● Dataset records
········

lemma par_redex_simulation:
  assumes "step (App f a) e" "is_val f" "is_val a" "par_e (App f a) e2"
  shows "\<exists>e2'. steps e2 e2' \<and> par_e e e2'"
  using assms(1)
proof (cases rule: step.cases)
  case (step_beta t b)
  from assms(4) show ?thesis
  proof (cases rule: par_e.cases)
    case (par_app f' a')
    then obtain t' b' where f': "f' = Lam t' b'" "par_e b b'" using step_beta by (auto elim: par_e_LamE)
    have "is_val a'" using par_app assms(3) par_e_is_val by blast
    then have "step e2 (subst0 b' a')" using par_app f' by (simp add: step.step_beta)
    moreover have "par_e e (subst0 b' a')"
      using par_app f' step_beta by (simp add: subst0_def par_subst)
    ultimately show ?thesis by blast
  qed (use step_beta in \<open>auto simp: subst0_def intro: par_subst\<close>)
next
  case step_eq
  with assms(4) have "e2 = App f a \<or> e2 = e" by (auto elim!: par_e_AppE par_e_ConstE)
  with assms(1) step_eq show ?thesis by (metis par_const rtranclp.rtrancl_refl r_into_rtranclp)
next
  case step_eq1
  with assms(4) have "e2 = App f a \<or> e2 = e" by (auto elim!: par_e_AppE par_e_ConstE)
  with assms(1) step_eq1 show ?thesis by (metis par_const rtranclp.rtrancl_refl r_into_rtranclp)
qed (use assms(2,3) step_not_val in auto)

lemma par_step_simulation:
  "step e1 e1' \<Longrightarrow> par_e e1 e2 \<Longrightarrow> \<exists>e2'. steps e2 e2' \<and> par_e e1' e2'"
proof (induction arbitrary: e2 rule: step.induct)
  case (step_app1 e e' a)
  from step_app1.prems show ?case
  proof (cases rule: par_e.cases)
    case (par_app f a')
    with step_app1.IH obtain f' where "steps f f'" "par_e e' f'" by blast
    with par_app show ?thesis by (blast intro: steps_App_left par_e_par_t.par_app)
  qed (use step_not_val[OF step_app1.hyps] in auto)
next
  case (step_app2 v e e')
  from step_app2.prems show ?case
  proof (cases rule: par_e.cases)
    case (par_app v' a)
    with step_app2.IH obtain a' where "steps a a'" "par_e e' a'" by blast
    moreover have "is_val v'" using par_app step_app2.hyps(1) par_e_is_val by blast
    ultimately show ?thesis using par_app by (blast intro: steps_App_right par_e_par_t.par_app)
  qed (use step_not_val[OF step_app2.hyps(2)] in auto)
next
  case (step_beq e e' b el er)
  from step_beq.prems show ?case
  proof (cases rule: par_e.cases)
    case (par_beq el' er' f)
    with step_beq.IH obtain f' where "steps f f'" "par_e e' f'" by blast
    with par_beq show ?thesis by (blast intro: steps_BEq par_e_par_t.par_beq)
  qed
next
  case (step_xeq e e' tx t el er)
  from step_xeq.prems show ?case
  proof (cases rule: par_e.cases)
    case (par_xeq tx' t' el' er' f)
    with step_xeq.IH obtain f' where "steps f f'" "par_e e' f'" by blast
    with par_xeq show ?thesis by (blast intro: steps_XEq par_e_par_t.par_xeq)
  qed
next
  case (step_beta v t e)
  then show ?case using par_redex_simulation[OF step.step_beta] by simp
next
  case (step_eq b c1)
  then show ?case using par_redex_simulation[OF step.step_eq] by simp
next
  case (step_eq1 c1 b c2)
  then show ?case using par_redex_simulation[OF step.step_eq1] by simp
qed

lemma par_preserves_steps_Const:
  "steps e1 (Const c) \<Longrightarrow> par_e e1 e2 \<Longrightarrow> steps e2 (Const c)"
proof (induction arbitrary: e2 rule: converse_rtranclp_induct)
  case base
  then show ?case by (auto elim: par_e_ConstE)
next
  case (step e1 e1')
  then obtain e2' where "steps e2 e2'" "par_e e1' e2'" using par_step_simulation by blast
  with step.IH show ?case by (meson rtranclp_trans)
qed

(* wpar n e e' is par_e e e' where the \<beta>-contractions at evaluation positions (both sides of
   an application, last argument of BEq and XEq) are nested at most n deep.  Parallel steps
   inside values are never replayed by evaluation, so they carry no weight. *)
inductive wpar :: "nat \<Rightarrow> expr \<Rightarrow> expr \<Rightarrow> bool" where
  wpar_val: "is_val e \<Longrightarrow> par_e e e' \<Longrightarrow> wpar n e e'"
| wpar_var: "wpar n (Var x) (Var x)"
| wpar_app: "wpar n f f' \<Longrightarrow> wpar n a a' \<Longrightarrow> wpar n (App f a) (App f' a')"
| wpar_beta: "is_val v \<Longrightarrow> par_e v v' \<Longrightarrow> wpar m e e' \<Longrightarrow> m < n
    \<Longrightarrow> wpar n (App (Lam t e) v) (subst0 e' v')"
| wpar_eq: "wpar n (App (Const (CEq b)) (Const c1)) (Const (CEq1 c1 b))"
| wpar_eq1: "wpar n (App (Const (CEq1 c1 b)) (Const c2)) (Const (if c1 = c2 then CTrue else CFalse))"
| wpar_beq: "par_e el el' \<Longrightarrow> par_e er er' \<Longrightarrow> wpar n e e'
    \<Longrightarrow> wpar n (BEq b el er e) (BEq b el' er' e')"
| wpar_xeq: "par_t tx tx' \<Longrightarrow> par_t t t' \<Longrightarrow> par_e el el' \<Longrightarrow> par_e er er' \<Longrightarrow> wpar n e e'
    \<Longrightarrow> wpar n (XEq tx t el er e) (XEq tx' t' el' er' e')"

lemma wpar_eq1_Const:
  "d = (if c1 = c2 then CTrue else CFalse) \<Longrightarrow> wpar n (App (Const (CEq1 c1 b)) (Const c2)) (Const d)"
  using wpar_eq1 by simp

lemma wpar_mono: "wpar m e e' \<Longrightarrow> m \<le> n \<Longrightarrow> wpar n e e'"
proof (induction arbitrary: n rule: wpar.induct)
  case (wpar_beta v v' k e e' m t)
  then show ?case by (meson order.strict_trans2 wpar.wpar_beta)
qed (auto intro: wpar.intros wpar_eq1_Const)

lemma wpar_par_e: "wpar n e e' \<Longrightarrow> par_e e e'"
  by (induction rule: wpar.induct) (auto intro: par_e_par_t.intros par_eq1_Const)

········

● Try it
Please, from the material above, copy only the lines from the line with "with par_beq show" up to and including the line with "f f' \<Longrightarrow>", exactly as written.

● Result of the task
    with par_beq show ?thesis by (blast intro: steps_BEq par_e_par_t.par_beq)
  qed
next
  case (step_xeq e e' tx t el er)
  from step_xeq.prems show ?case
  proof (cases rule: par_e.cases)
    case (par_xeq tx' t' el' er' f)
    with step_xeq.IH obtain f' where "steps f f'" "par_e e' f'" by blast
    with par_xeq show ?thesis by (blast intro: steps_XEq par_e_par_t.par_xeq)
  qed
next
  case (step_beta v t e)
  then show ?case using par_redex_simulation[OF step.step_beta] by simp
next
  case (step_eq b c1)
  then show ?case using par_redex_simulation[OF step.step_eq] by simp
next
  case (step_eq1 c1 b c2)
  then show ?case using par_redex_simulation[OF step.step_eq1] by simp
qed

lemma par_preserves_steps_Const:
  "steps e1 (Const c) \<Longrightarrow> par_e e1 e2 \<Longrightarrow> steps e2 (Const c)"
proof (induction arbitrary: e2 rule: converse_rtranclp_induct)
  case base
  then show ?case by (auto elim: par_e_ConstE)
next
  case (step e1 e1')
  then obtain e2' where "steps e2 e2'" "par_e e1' e2'" using par_step_simulation by blast
  with step.IH show ?case by (meson rtranclp_trans)
qed

(* wpar n e e' is par_e e e' where the \<beta>-contractions at evaluation positions (both sides of
   an application, last argument of BEq and XEq) are nested at most n deep.  Parallel steps
   inside values are never replayed by evaluation, so they carry no weight. *)
inductive wpar :: "nat \<Rightarrow> expr \<Rightarrow> expr \<Rightarrow> bool" where
  wpar_val: "is_val e \<Longrightarrow> par_e e e' \<Longrightarrow> wpar n e e'"
| wpar_var: "wpar n (Var x) (Var x)"
| wpar_app: "wpar n f f' \<Longrightarrow> wpar n a a' \<Longrightarrow> wpar n (App f a) (App f' a')"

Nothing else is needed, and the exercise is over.